Please copy every line with the string "moreover" from the entries below.

[[ Data for the task, beginning ]]

text \<open>The condition on \<open>G\<close> carries the induction through \<open>Sub\<close>: the body of a normal
  explicit substitution has no weak occurrence of the bound index, so its typing leaves that index
  untyped and the argument needs only the type \<open>Star\<close>.\<close>

lemma normal_w_typed:
  "normal_w t \<Longrightarrow> A = Star \<or> \<not> is_answer t \<Longrightarrow>
    \<exists>G n. typed G t A n \<and> (\<forall>j. G j \<noteq> {#} \<longrightarrow> weak_occ j t)"
proof (induction t arbitrary: A)
  case (Var i)
  have "\<forall>j. (0(i := {#A#}) :: env) j \<noteq> {#} \<longrightarrow> weak_occ j (Var i)"
    by (simp add: zero_fun_apply)
  with typed_Var[of i A] show ?case by blast
next
  case (Lam s)
  then have "A = Star" by simp
  moreover have "\<forall>j. (0 :: env) j \<noteq> {#} \<longrightarrow> weak_occ j (Lam s)" by (simp add: zero_fun_apply)
  ultimately show ?case using typed_Star[of s] by blast
next
  case (App t u)
  from App.IH(1)[of "Arr {#} A"] App.prems normal_w_AppD[OF App.prems(1)]
  obtain Gt nt where t: "typed Gt t (Arr {#} A) nt" "\<forall>j. Gt j \<noteq> {#} \<longrightarrow> weak_occ j t"
    by auto
  from App.IH(2)[of Star] normal_w_AppD(2)[OF App.prems(1)]
  obtain Gu nu where u: "typed Gu u Star nu" "\<forall>j. Gu j \<noteq> {#} \<longrightarrow> weak_occ j u"
    by auto
  from typed_App[OF t(1), of Gu u Star nu] u(1) have "typed (Gt + Gu) (App t u) A (Suc (nt + nu))"
    by (simp add: mtyped_single_iff)
  moreover have "\<forall>j. (Gt + Gu) j \<noteq> {#} \<longrightarrow> weak_occ j (App t u)"
    using t(2) u(2) by (auto simp: plus_fun_apply)
  ultimately show ?case by blast
next
  case (Sub t u)
  from Sub.IH(1)[of A] Sub.prems normal_w_SubD[OF Sub.prems(1)]
  obtain Gt nt where t: "typed Gt t A nt" "\<forall>j. Gt j \<noteq> {#} \<longrightarrow> weak_occ j t"
    by auto
  from Sub.IH(2)[of Star] normal_w_SubD(2)[OF Sub.prems(1)]
  obtain Gu nu where u: "typed Gu u Star nu" "\<forall>j. Gu j \<noteq> {#} \<longrightarrow> weak_occ j u"
    by auto
  have "Gt 0 = {#}" using t(2) normal_w_SubD(3)[OF Sub.prems(1)] by blast
  with u(1) have "mtyped Gu u (add_mset Star (Gt 0)) nu" by (simp add: mtyped_single_iff)
  from typed_Sub[OF t(1) this] have "typed ((Gt \<circ> Suc) + Gu) (Sub t u) A (Suc (nt + nu))" .
  moreover have "\<forall>j. ((Gt \<circ> Suc) + Gu) j \<noteq> {#} \<longrightarrow> weak_occ j (Sub t u)"
    using t(2) u(2) by (auto simp: plus_fun_apply)
  ultimately show ?case by blast
qed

[[ Data for the task, end ]]

Task response –
  moreover have "\<forall>j. (0 :: env) j \<noteq> {#} \<longrightarrow> weak_occ j (Lam s)" by (simp add: zero_fun_apply)
  moreover have "\<forall>j. (Gt + Gu) j \<noteq> {#} \<longrightarrow> weak_occ j (App t u)"
  moreover have "\<forall>j. ((Gt \<circ> Suc) + Gu) j \<noteq> {#} \<longrightarrow> weak_occ j (Sub t u)"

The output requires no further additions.